What you have to do: Return each line below holding the string "only".

Saved entries:
__________________________________________________
lemma nn_integral_gauss_density_mult_indicator:
  fixes F :: "(real ^ 'd) set" and s :: "real ^ 'd"
  assumes a: "a > 0" and b: "b > 0" and [measurable]: "F \<in> sets borel"
  shows "(\<integral>\<^sup>+v. ennreal (gauss_density a (s - v)) * ennreal (gauss_density b v) *
            indicator F (b *\<^sub>R s - (a + b) *\<^sub>R v) \<partial>lborel)
    = ennreal (gauss_density (a + b) s) * (\<integral>\<^sup>+w. ennreal (gauss_density (a * b * (a + b)) w) * indicator F w \<partial>lborel)"
proof -
  define K where "K w = ennreal (gauss_density (a * b * (a + b)) w) * indicator F w" for w :: "real ^ 'd"
  have [measurable]: "K \<in> borel_measurable borel"
    unfolding K_def by measurable
  have "ennreal (gauss_density a (s - v)) * ennreal (gauss_density b v) * indicator F (b *\<^sub>R s - (a + b) *\<^sub>R v)
      = ennreal (gauss_density (a + b) s) * (ennreal ((a + b) ^ CARD('d)) * K (b *\<^sub>R s + (- (a + b)) *\<^sub>R v))"
    for v
  proof -
    have "ennreal (gauss_density a (s - v)) * ennreal (gauss_density b v)
        = ennreal (gauss_density (a + b) s) *
          (ennreal ((a + b) ^ CARD('d)) * ennreal (gauss_density (a * b * (a + b)) (b *\<^sub>R s - (a + b) *\<^sub>R v)))"
      using gauss_density_mult_gauss_density[OF a b, of s v] a b
      by (simp add: ennreal_mult[symmetric] gauss_density_nonneg)
    moreover have "b *\<^sub>R s + (- (a + b)) *\<^sub>R v = b *\<^sub>R s - (a + b) *\<^sub>R v"
      by (simp only: scaleR_minus_left diff_conv_add_uminus)
    ultimately show ?thesis
      by (simp add: K_def mult_ac)
  qed
  then have "(\<integral>\<^sup>+v. ennreal (gauss_density a (s - v)) * ennreal (gauss_density b v) *
          indicator F (b *\<^sub>R s - (a + b) *\<^sub>R v) \<partial>lborel)
      = (\<integral>\<^sup>+v. ennreal (gauss_density (a + b) s) *
          (ennreal ((a + b) ^ CARD('d)) * K (b *\<^sub>R s + (- (a + b)) *\<^sub>R v)) \<partial>lborel)"
    by (simp only:)
  also have "\<dots> = ennreal (gauss_density (a + b) s) *
      (ennreal ((a + b) ^ CARD('d)) * (\<integral>\<^sup>+v. K (b *\<^sub>R s + (- (a + b)) *\<^sub>R v) \<partial>lborel))"
    by (simp add: nn_integral_cmult)
  also have "\<dots> = ennreal (gauss_density (a + b) s) * (\<integral>\<^sup>+w. K w \<partial>lborel)"
    using nn_integral_lborel_affine[of K "- (a + b)" "b *\<^sub>R s"] a b by (simp add: add.commute)
  finally show ?thesis
    by (simp add: K_def)
qed

text \<open>The change of variables \<open>(u, v) \<mapsto> (u + v, b u - a v)\<close> factorises the product density.\<close>
lemma nn_integral_gauss_sum_diff:
  fixes E F :: "(real ^ 'd) set"
  assumes a: "a > 0" and b: "b > 0" and [measurable]: "E \<in> sets borel" and F [measurable]: "F \<in> sets borel"
  shows "(\<integral>\<^sup>+v. \<integral>\<^sup>+u. ennreal (gauss_density a u) * ennreal (gauss_density b v) *
            indicator E (u + v) * indicator F (b *\<^sub>R u - a *\<^sub>R v) \<partial>lborel \<partial>lborel)
    = (\<integral>\<^sup>+s. ennreal (gauss_density (a + b) s) * indicator E s \<partial>lborel) *
      (\<integral>\<^sup>+w. ennreal (gauss_density (a * b * (a + b)) w) * indicator F w \<partial>lborel)"
proof -
  have shift: "(\<integral>\<^sup>+u. ennreal (gauss_density a u) * ennreal (gauss_density b v) *
        indicator E (u + v) * indicator F (b *\<^sub>R u - a *\<^sub>R v) \<partial>lborel)
      = (\<integral>\<^sup>+s. indicator E s * (ennreal (gauss_density a (s - v)) * ennreal (gauss_density b v) *
        indicator F (b *\<^sub>R s - (a + b) *\<^sub>R v)) \<partial>lborel)" for v
  proof -
    have "(\<lambda>u. ennreal (gauss_density a u) * ennreal (gauss_density b v) *
        indicator E (u + v) * indicator F (b *\<^sub>R u - a *\<^sub>R v)) \<in> borel_measurable borel"
      by measurable
    from nn_integral_lborel_affine[OF this one_neq_zero, of "- v"]
    show ?thesis
      by (simp add: scaleR_diff_right scaleR_add_left diff_diff_eq add.commute mult_ac)
  qed
  have "(\<integral>\<^sup>+v. \<integral>\<^sup>+u. ennreal (gauss_density a u) * ennreal (gauss_density b v) *
          indicator E (u + v) * indicator F (b *\<^sub>R u - a *\<^sub>R v) \<partial>lborel \<partial>lborel)
      = (\<integral>\<^sup>+s. indicator E s * (\<integral>\<^sup>+v. ennreal (gauss_density a (s - v)) * ennreal (gauss_density b v) *
          indicator F (b *\<^sub>R s - (a + b) *\<^sub>R v) \<partial>lborel) \<partial>lborel)"
    unfolding shift by (subst lborel_pair.Fubini') (simp_all add: nn_integral_cmult)
  also have "\<dots> = (\<integral>\<^sup>+s. (ennreal (gauss_density (a + b) s) * indicator E s) *
      (\<integral>\<^sup>+w. ennreal (gauss_density (a * b * (a + b)) w) * indicator F w \<partial>lborel) \<partial>lborel)"
    unfolding nn_integral_gauss_density_mult_indicator[OF a b F] by (simp only: mult_ac)
  also have "\<dots> = (\<integral>\<^sup>+s. ennreal (gauss_density (a + b) s) * indicator E s \<partial>lborel) *
      (\<integral>\<^sup>+w. ennreal (gauss_density (a * b * (a + b)) w) * indicator F w \<partial>lborel)"
    by (rule nn_integral_multc) measurable
  finally show ?thesis .
qed

lemma (in prob_space) emeasure_gauss_sum_diff:
  fixes U V :: "'a \<Rightarrow> real ^ 'd"
  assumes U: "distributed M lborel U (\<lambda>x. ennreal (gauss_density a x))"
    and V: "distributed M lborel V (\<lambda>x. ennreal (gauss_density b x))"
    and indep: "indep_var borel U borel V" and a: "a > 0" and b: "b > 0"
    and [measurable]: "E \<in> sets borel" "F \<in> sets borel"
  shows "emeasure M {\<omega> \<in> space M. U \<omega> + V \<omega> \<in> E \<and> b *\<^sub>R U \<omega> - a *\<^sub>R V \<omega> \<in> F}
    = (\<integral>\<^sup>+s. ennreal (gauss_density (a + b) s) * indicator E s \<partial>lborel) *
      (\<integral>\<^sup>+w. ennreal (gauss_density (a * b * (a + b)) w) * indicator F w \<partial>lborel)"
proof -
  have "indicator {(u, v). u + v \<in> E \<and> b *\<^sub>R u - a *\<^sub>R v \<in> F} (u, v)
      = (indicator E (u + v) * indicator F (b *\<^sub>R u - a *\<^sub>R v) :: ennreal)" for u v :: "real ^ 'd"
    by (simp add: indicator_def)
  then show ?thesis
    using emeasure_indep_var_density[OF U V indep, of "\<lambda>u v. u + v \<in> E \<and> b *\<^sub>R u - a *\<^sub>R v \<in> F"]
      nn_integral_gauss_sum_diff[OF a b assms(6,7)]
    by (simp add: mult.assoc)
qed

lemma (in prob_space) nn_integral_gauss_density_eq_1:
  fixes U :: "'a \<Rightarrow> real ^ 'd"
  assumes "distributed M lborel U (\<lambda>x. ennreal (gauss_density a x))" and "a > 0" and "v > 0"
  shows "(\<integral>\<^sup>+x. ennreal (gauss_density v (x :: real ^ 'd)) \<partial>lborel) = 1"
proof -
  have "(\<integral>\<^sup>+x. ennreal (gauss_density v (x :: real ^ 'd)) \<partial>lborel)
      = (\<integral>\<^sup>+x. ennreal (gauss_density a (x :: real ^ 'd)) \<partial>lborel)"
    using nn_integral_gauss_density[OF \<open>v > 0\<close>, where 'd='d] nn_integral_gauss_density[OF \<open>a > 0\<close>, where 'd='d]
    by simp
  also have "\<dots> = 1"
    using distributed_emeasure[OF assms(1), of UNIV] by (simp add: emeasure_space_1)
  finally show ?thesis .
qed

lemma (in prob_space) distributed_gauss_sum:
  fixes U V :: "'a \<Rightarrow> real ^ 'd"
  assumes U: "distributed M lborel U (\<lambda>x. ennreal (gauss_density a x))"
    and V: "distributed M lborel V (\<lambda>x. ennreal (gauss_density b x))"
    and indep: "indep_var borel U borel V" and a: "a > 0" and b: "b > 0"
  shows "distributed M lborel (\<lambda>\<omega>. U \<omega> + V \<omega>) (\<lambda>x. ennreal (gauss_density (a + b) x))"
proof -
  have [measurable]: "U \<in> borel_measurable M" "V \<in> borel_measurable M"
    using U V by (simp_all add: distributed_def)
  have "distr M lborel (\<lambda>\<omega>. U \<omega> + V \<omega>) = density lborel (\<lambda>x. ennreal (gauss_density (a + b) x))"
  proof (rule measure_eqI)
    fix A :: "(real ^ 'd) set"
    assume "A \<in> sets (distr M lborel (\<lambda>\<omega>. U \<omega> + V \<omega>))"
    then have A [measurable]: "A \<in> sets borel"
      by simp
    have "(\<lambda>\<omega>. U \<omega> + V \<omega>) -` A \<inter> space M = {\<omega> \<in> space M. U \<omega> + V \<omega> \<in> A \<and> b *\<^sub>R U \<omega> - a *\<^sub>R V \<omega> \<in> UNIV}"
      by auto
    then show "emeasure (distr M lborel (\<lambda>\<omega>. U \<omega> + V \<omega>)) A
        = emeasure (density lborel (\<lambda>x. ennreal (gauss_density (a + b) x))) A"
      using emeasure_gauss_sum_diff[OF U V indep a b A space_in_borel] nn_integral_gauss_density_eq_1[OF U a] a b
      by (simp add: emeasure_distr emeasure_density)
  qed simp
  then show ?thesis
    by (simp add: distributed_def)
qed

lemma (in prob_space) indep_var_gauss_sum_diff:
  fixes U V :: "'a \<Rightarrow> real ^ 'd"
  assumes U: "distributed M lborel U (\<lambda>x. ennreal (gauss_density a x))"
    and V: "distributed M lborel V (\<lambda>x. ennreal (gauss_density b x))"
    and indep: "indep_var borel U borel V" and a: "a > 0" and b: "b > 0"
  shows "indep_var borel (\<lambda>\<omega>. U \<omega> + V \<omega>) borel (\<lambda>\<omega>. b *\<^sub>R U \<omega> - a *\<^sub>R V \<omega>)"
proof -
  have [measurable]: "U \<in> borel_measurable M" "V \<in> borel_measurable M"
    using U V by (simp_all add: distributed_def)
  define S where "S \<omega> = U \<omega> + V \<omega>" for \<omega>
  define W where "W \<omega> = b *\<^sub>R U \<omega> - a *\<^sub>R V \<omega>" for \<omega>
  have [measurable]: "S \<in> borel_measurable M" "W \<in> borel_measurable M"
    unfolding S_def W_def by measurable
  note joint = emeasure_gauss_sum_diff[OF U V indep a b, folded S_def W_def]
  note normalized = nn_integral_gauss_density_eq_1[OF U a]
  have "indep_set {S -` A \<inter> space M | A. A \<in> sets borel} {W -` A \<inter> space M | A. A \<in> sets borel}"
  proof (rule indep_setI)
    fix x y
    assume "x \<in> {S -` A \<inter> space M | A. A \<in> sets borel}" "y \<in> {W -` A \<inter> space M | A. A \<in> sets borel}"
    then obtain E F where "x = S -` E \<inter> space M" and E: "E \<in> sets borel"
      and "y = W -` F \<inter> space M" and F: "F \<in> sets borel"
      by auto
    then have x: "x = {\<omega> \<in> space M. S \<omega> \<in> E \<and> W \<omega> \<in> UNIV}"
      and y: "y = {\<omega> \<in> space M. S \<omega> \<in> UNIV \<and> W \<omega> \<in> F}"
      by auto
    have "x \<inter> y = {\<omega> \<in> space M. S \<omega> \<in> E \<and> W \<omega> \<in> F}"
      using x y by auto
    then show "prob (x \<inter> y) = prob x * prob y"
      unfolding measure_def x y
      using joint[OF E F] joint[OF E space_in_borel] joint[OF space_in_borel F] normalized a b
      by (simp add: enn2real_mult)
  qed auto
  then have "indep_var borel S borel W"
    by (simp add: indep_var_eq indep_set_sigma_sets Int_stable_vimages)
  then show ?thesis
    by (simp add: S_def[abs_def] W_def[abs_def])
qed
__________________________________________________
Expected answer:
      by (simp only: scaleR_minus_left diff_conv_add_uminus)
    by (simp only:)
    unfolding nn_integral_gauss_density_mult_indicator[OF a b F] by (simp only: mult_ac)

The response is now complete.